Tais operações já acumulam um prejuízo de R$ 70,6 bilhões, que, somadas aos juros regulares, outros R$ 280 bilhões, em contas redondas, nos brindam com a maior despesa financeira pública de todos os tempos, superior a 7% do produto interno bruto (PIB), a mais elevada do planeta. Além disso, como nossa dívida é altamente indexada à Selic, cada ponto porcentual de alta de juros pelo BC eleva a dívida federal em cerca de R$ 20 bilhões, ao mesmo tempo que derruba o PIB – e, portanto, a arrecadação do governo – em outros R$ 20 bilhões. As contas do ministro da Fazenda não fecharão nunca: em 2015 esse descompasso resultará num rombo estrondoso de R$ 140 bilhões.
Resignadamente, Joaquim Levy desistiu da meta fiscal. E o capital abutre, que existe em qualquer lugar para farejar e devorar governos fracos, apostou na alta do dólar e contra o real. Essa queda de braço ainda não terminou, a faixa dos R$ 3,50 por dólar passou a ser um estágio da peleja. O BC foi às cordas, esmagado pelos prejuízos acumulados na folia da manipulação cambial pré-eleitoral e pela recente publicação da ata do Copom em que reconhece o juro de 14,25% como um perfeito serial killer da moribunda economia privada.
Estamos no início da destruição do real como moeda confiável. Nem nos perigosos meses de 2002, em que se desconfiava da capacidade do PT de defender a estabilidade da nossa jovem moeda, o País passou por tanto risco.
Com o dólar em R$ 4 naquele outubro de 2002, o BC trouxe os juros ao patamar de 25%. O Orçamento da União para 2003 foi podado, único ano de efetiva economia de despesa pública em relação ao PIB nos 20 anos de Real.
Consequência: em 2003 o desemprego formal superou 13% da população economicamente ativa (PEA) e milhões de brasileiros foram devolvidos aos porões da pobreza absoluta.
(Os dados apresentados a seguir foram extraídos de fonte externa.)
lemma prime_not_dvd_sign_inner:
  assumes p: "prime p" "3 \<le> p"
    and vw: "v < 2 ^ (4 * p)" "w < 2 ^ (4 * p)" "v \<noteq> w" "bit v 0 = bit w 0"
    and parity: "even (bit_count (4 * p) v) = even (bit_count (4 * p) w)"
    and nonzero: "sign_inner (4 * p) v w \<noteq> 0"
  shows "\<not> int p dvd sign_inner (4 * p) v w"
proof
  assume "int p dvd sign_inner (4 * p) v w"
  moreover have "4 dvd sign_inner (4 * p) v w"
    using four_dvd_sign_inner[OF _ parity] by simp
  moreover have "coprime 4 (int p)"
  proof -
    have "\<not> int p dvd 2"
    proof
      assume "int p dvd 2"
      then have "p dvd 2" by (metis int_dvd_int_iff of_nat_numeral)
      then show False using p by (auto dest: dvd_imp_le)
    qed
    then have "\<not> int p dvd 2 ^ 2"
      using prime_dvd_power[of "int p" 2 2] p by (auto simp: prime_nat_int_transfer)
    then have "coprime (int p) (2 ^ 2)"
      using p by (intro prime_imp_coprime) (simp_all add: prime_nat_int_transfer)
    then show ?thesis by (simp add: coprime_commute[of 4])
  qed
  ultimately have "4 * int p dvd sign_inner (4 * p) v w"
    by (simp add: divides_mult)
  then have "\<bar>4 * int p\<bar> \<le> \<bar>sign_inner (4 * p) v w\<bar>"
    by (rule dvd_imp_le_int[OF nonzero])
  moreover have "sign_inner (4 * p) v w < 4 * int p" using sign_inner_less[OF vw(1-3)] by simp
  moreover have "- (4 * int p) < sign_inner (4 * p) v w"
    using sign_inner_greater[OF _ vw(4), of "4 * p"] p by simp
  ultimately show False by linarith
qed

lemma card_pairwise_nonorth_le:
  assumes p: "prime p" "3 \<le> p" and A: "A \<subseteq> {..<2 ^ (4 * p)}"
    and clique: "\<And>v w. v \<in> A \<Longrightarrow> w \<in> A \<Longrightarrow> v \<noteq> w \<Longrightarrow> sign_inner (4 * p) v w \<noteq> 0"
  shows "card A \<le> 4 * card (small_subsets (4 * p) (p - 1))"
proof -
  define label where "label v = (bit v 0, even (bit_count (4 * p) v))" for v
  define part where "part \<kappa> = {v \<in> A. label v = \<kappa>}" for \<kappa>
  have "finite A" using A finite_subset by blast
  have "A = (\<Union>\<kappa>. part \<kappa>)" by (auto simp: part_def)
  then have "card A \<le> (\<Sum>\<kappa>\<in>UNIV. card (part \<kappa>))"
    using card_UN_le[of UNIV part] by simp
  also have "\<dots> \<le> (\<Sum>\<kappa>\<in>(UNIV :: (bool \<times> bool) set). card (small_subsets (4 * p) (p - 1)))"
  proof (intro sum_mono frankl_wilson_sign_vectors[OF p(1)])
    fix \<kappa> v w assume "v \<in> part \<kappa>" "w \<in> part \<kappa>" "v \<noteq> w"
    with A clique show "\<not> int p dvd sign_inner (4 * p) v w"
      by (intro prime_not_dvd_sign_inner[OF p]) (auto simp: part_def label_def)
  qed (use \<open>finite A\<close> in \<open>simp_all add: part_def\<close>)
  also have "\<dots> = 4 * card (small_subsets (4 * p) (p - 1))"
    by (simp add: card_UNIV_bool)
  finally show ?thesis .
qed

section \<open>The fractional clique cover number of the non-orthogonality graph\<close>

lemma finite_indep_sets: "finite (indep_sets H)"
  unfolding indep_sets_def by (rule finite_subset[of _ "Pow {..<fst H}"]) auto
Um detalhe, desta vez atenuante: começou em 2003 a maior alta histórica dos preços de commodities agrícolas e minerais, encomendada por São Lula aos chineses.
O cenário de 2015-2016 opõe-se radicalmente ao de 2002-2003. A China retrai-se e pode até entrar em choque. Se o juro subir mais, como em 2002, a atividade privada entrará em colapso. Que nos resta fazer? Esse é o repto que deve tirar da abulia todos os intelectos perdidos ociosamente nas receitas econômicas convencionais, do tipo “ajuste fiscal” ou, pior, quando se cogita de taxar ativos escondidos no exterior e outras extravagâncias, como CPMF ou novos impostos sobre fortunas e heranças. O ataque frontal deve ser sobre o setor que nada contribuiu até agora: as despesas ditas obrigatórias do governo federal (e, por extensão, nas demais esferas de governo, a começar pelo Rio Grande do Sul). O ministro da Fazenda nos diz ser ilegal cortar despesa obrigatória, por isso capa investimentos. Faz sentido? Queimam-se os botes salva-vidas dos investimentos e das bolsas de estudos enquanto se preservam reajustes inflacionários para as castas de graúdos que se autoisentam de qualquer participação no esforço geral da Nação. Aqui está a raiz singular do brutal desequilíbrio fiscal e sua etiologia antiética, ao se pouparem alguns privilegiados do sacrifício geral.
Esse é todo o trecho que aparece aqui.